### Problem to work on
In the listing beneath this line, copy exactly the lines starting with the one containing "then show ?case" and going on through the one containing "S T = (wsign".

### Records for the task
lemma wedge_prod_wedge:
  assumes "finite S" "finite T"
  shows "wedge n (wedge_prod n v S) (wedge_prod n v T) =
    (if S \<inter> T = {} then escale (wsign S T) (wedge_prod n v (S \<union> T)) else 0)"
  using assms(1)
proof (induction S rule: finite_remove_induct)
  case empty
  then show ?case by (simp add: wedge_one_left wedge_prod_in_ext_alg)
next
  case (remove S)
  define a S' where "a = Min S" and "S' = S - {a}"
  have a: "a \<in> S" "\<And>r. r \<in> S \<Longrightarrow> a \<le> r"
    using remove by (simp_all add: a_def)
  have S: "S = {a} \<union> S'" "finite S'" "a \<notin> S'"
    using a remove by (auto simp: S'_def)
  have "wedge n (wedge_prod n v S) (wedge_prod n v T) =
      wedge n (v a) (wedge n (wedge_prod n v S') (wedge_prod n v T))"
    using wedge_prod_Min [of S n v] remove by (simp add: a_def S'_def wedge_assoc)
  also have "\<dots> = (if S' \<inter> T = {} then escale (wsign S' T) (wedge n (v a) (wedge_prod n v (S' \<union> T))) else 0)"
  proof -
    have "wedge n (wedge_prod n v S') (wedge_prod n v T) =
        (if S' \<inter> T = {} then escale (wsign S' T) (wedge_prod n v (S' \<union> T)) else 0)"
      using remove.IH [OF a(1)] unfolding S'_def .
    then show ?thesis
      by (cases "S' \<inter> T = {}") (simp_all add: wedge_escale_right)
  qed
  also have "\<dots> = (if S \<inter> T = {} then escale (wsign S T) (wedge_prod n v (S \<union> T)) else 0)"
  proof (cases "S \<inter> T = {}")
    case True
    have "{r \<in> S' \<union> T. r < a} = {t \<in> T. t < a}"
      by (auto simp: S'_def dest: a(2))
    then have "wsign {a} (S' \<union> T) = (wsign {a} T :: 'a)"
      unfolding wsign_singleton_left by simp
    moreover have "wsign S T = (wsign {a} T * wsign S' T :: 'a)"
      unfolding S(1) by (rule wsign_Un_left) (use S assms(2) in auto)
    moreover have "insert a (S' \<union> T) = S \<union> T" "a \<notin> S' \<union> T" "S' \<inter> T = {}"
      using S a(1) True by auto
    ultimately show ?thesis
      using True S(2) assms(2) by (simp add: wedge_wedge_prod escale_escale mult.commute)
  next
    case False
    then show ?thesis
      using S by (auto simp: wedge_wedge_prod assms(2))
  qed
  finally show ?case .
qed

lemma ext_hom_wedge: "ext_hom n v (wedge n x y) = wedge n (ext_hom n v x) (ext_hom n v y)"
proof
  fix W
  let ?P = "Pow {..<n}"
  let ?e = "wedge_prod n v"
  have "wedge n (ext_hom n v x) (ext_hom n v y) W =
      (\<Sum>S\<in>?P. \<Sum>T\<in>?P. x S * y T * wedge n (?e S) (?e T) W)"
    unfolding ext_hom_def by (rule wedge_sum_sum) auto
  also have "\<dots> = (\<Sum>S\<in>?P. \<Sum>T\<in>?P. if S \<inter> T = {} then x S * y T * (wsign S T * ?e (S \<union> T) W) else 0)"
    by (intro sum.cong refl) (auto simp: wedge_prod_wedge escale_def finite_subset)
  also have "\<dots> = (\<Sum>S\<in>?P. \<Sum>T\<in>{T \<in> ?P. S \<inter> T = {}}. x S * y T * (wsign S T * ?e (S \<union> T) W))"
    by (rule sum.cong [OF refl]) (rule sum.inter_filter [symmetric], simp)
  also have "\<dots> = (\<Sum>(S, T)\<in>Sigma ?P (\<lambda>S. {T \<in> ?P. S \<inter> T = {}}). x S * y T * (wsign S T * ?e (S \<union> T) W))"
    by (rule sum.Sigma) auto
  also have "\<dots> = (\<Sum>(R, S)\<in>Sigma ?P Pow. wsign S (R - S) * x S * y (R - S) * ?e R W)"
  proof (rule sum.reindex_bij_witness [where j = "\<lambda>(S, T). (S \<union> T, S)" and i = "\<lambda>(R, S). (S, R - S)"])
    fix p assume "p \<in> Sigma ?P (\<lambda>S. {T \<in> ?P. S \<inter> T = {}})"
    then obtain S T where "p = (S, T)" "S \<inter> T = {}" by auto
    moreover from \<open>S \<inter> T = {}\<close> have "S \<union> T - S = T" by auto
    ultimately show "(case (case p of (S, T) \<Rightarrow> (S \<union> T, S)) of (R, S) \<Rightarrow> wsign S (R - S) * x S * y (R - S) * ?e R W) =
        (case p of (S, T) \<Rightarrow> x S * y T * (wsign S T * ?e (S \<union> T) W))"
      by (simp add: algebra_simps)
  qed auto
  also have "\<dots> = (\<Sum>R\<in>?P. \<Sum>S\<in>Pow R. wsign S (R - S) * x S * y (R - S) * ?e R W)"
    by (rule sum.Sigma [symmetric]) (auto intro: finite_subset)
  also have "\<dots> = ext_hom n v (wedge n x y) W"
    unfolding ext_hom_def by (intro sum.cong refl) (auto simp: wedge_apply sum_distrib_right)
  finally show "ext_hom n v (wedge n x y) W = wedge n (ext_hom n v x) (ext_hom n v y) W" ..
qed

### Answer
  then show ?case by (simp add: wedge_one_left wedge_prod_in_ext_alg)
next
  case (remove S)
  define a S' where "a = Min S" and "S' = S - {a}"
  have a: "a \<in> S" "\<And>r. r \<in> S \<Longrightarrow> a \<le> r"
    using remove by (simp_all add: a_def)
  have S: "S = {a} \<union> S'" "finite S'" "a \<notin> S'"
    using a remove by (auto simp: S'_def)
  have "wedge n (wedge_prod n v S) (wedge_prod n v T) =
      wedge n (v a) (wedge n (wedge_prod n v S') (wedge_prod n v T))"
    using wedge_prod_Min [of S n v] remove by (simp add: a_def S'_def wedge_assoc)
  also have "\<dots> = (if S' \<inter> T = {} then escale (wsign S' T) (wedge n (v a) (wedge_prod n v (S' \<union> T))) else 0)"
  proof -
    have "wedge n (wedge_prod n v S') (wedge_prod n v T) =
        (if S' \<inter> T = {} then escale (wsign S' T) (wedge_prod n v (S' \<union> T)) else 0)"
      using remove.IH [OF a(1)] unfolding S'_def .
    then show ?thesis
      by (cases "S' \<inter> T = {}") (simp_all add: wedge_escale_right)
  qed
  also have "\<dots> = (if S \<inter> T = {} then escale (wsign S T) (wedge_prod n v (S \<union> T)) else 0)"
  proof (cases "S \<inter> T = {}")
    case True
    have "{r \<in> S' \<union> T. r < a} = {t \<in> T. t < a}"
      by (auto simp: S'_def dest: a(2))
    then have "wsign {a} (S' \<union> T) = (wsign {a} T :: 'a)"
      unfolding wsign_singleton_left by simp
    moreover have "wsign S T = (wsign {a} T * wsign S' T :: 'a)"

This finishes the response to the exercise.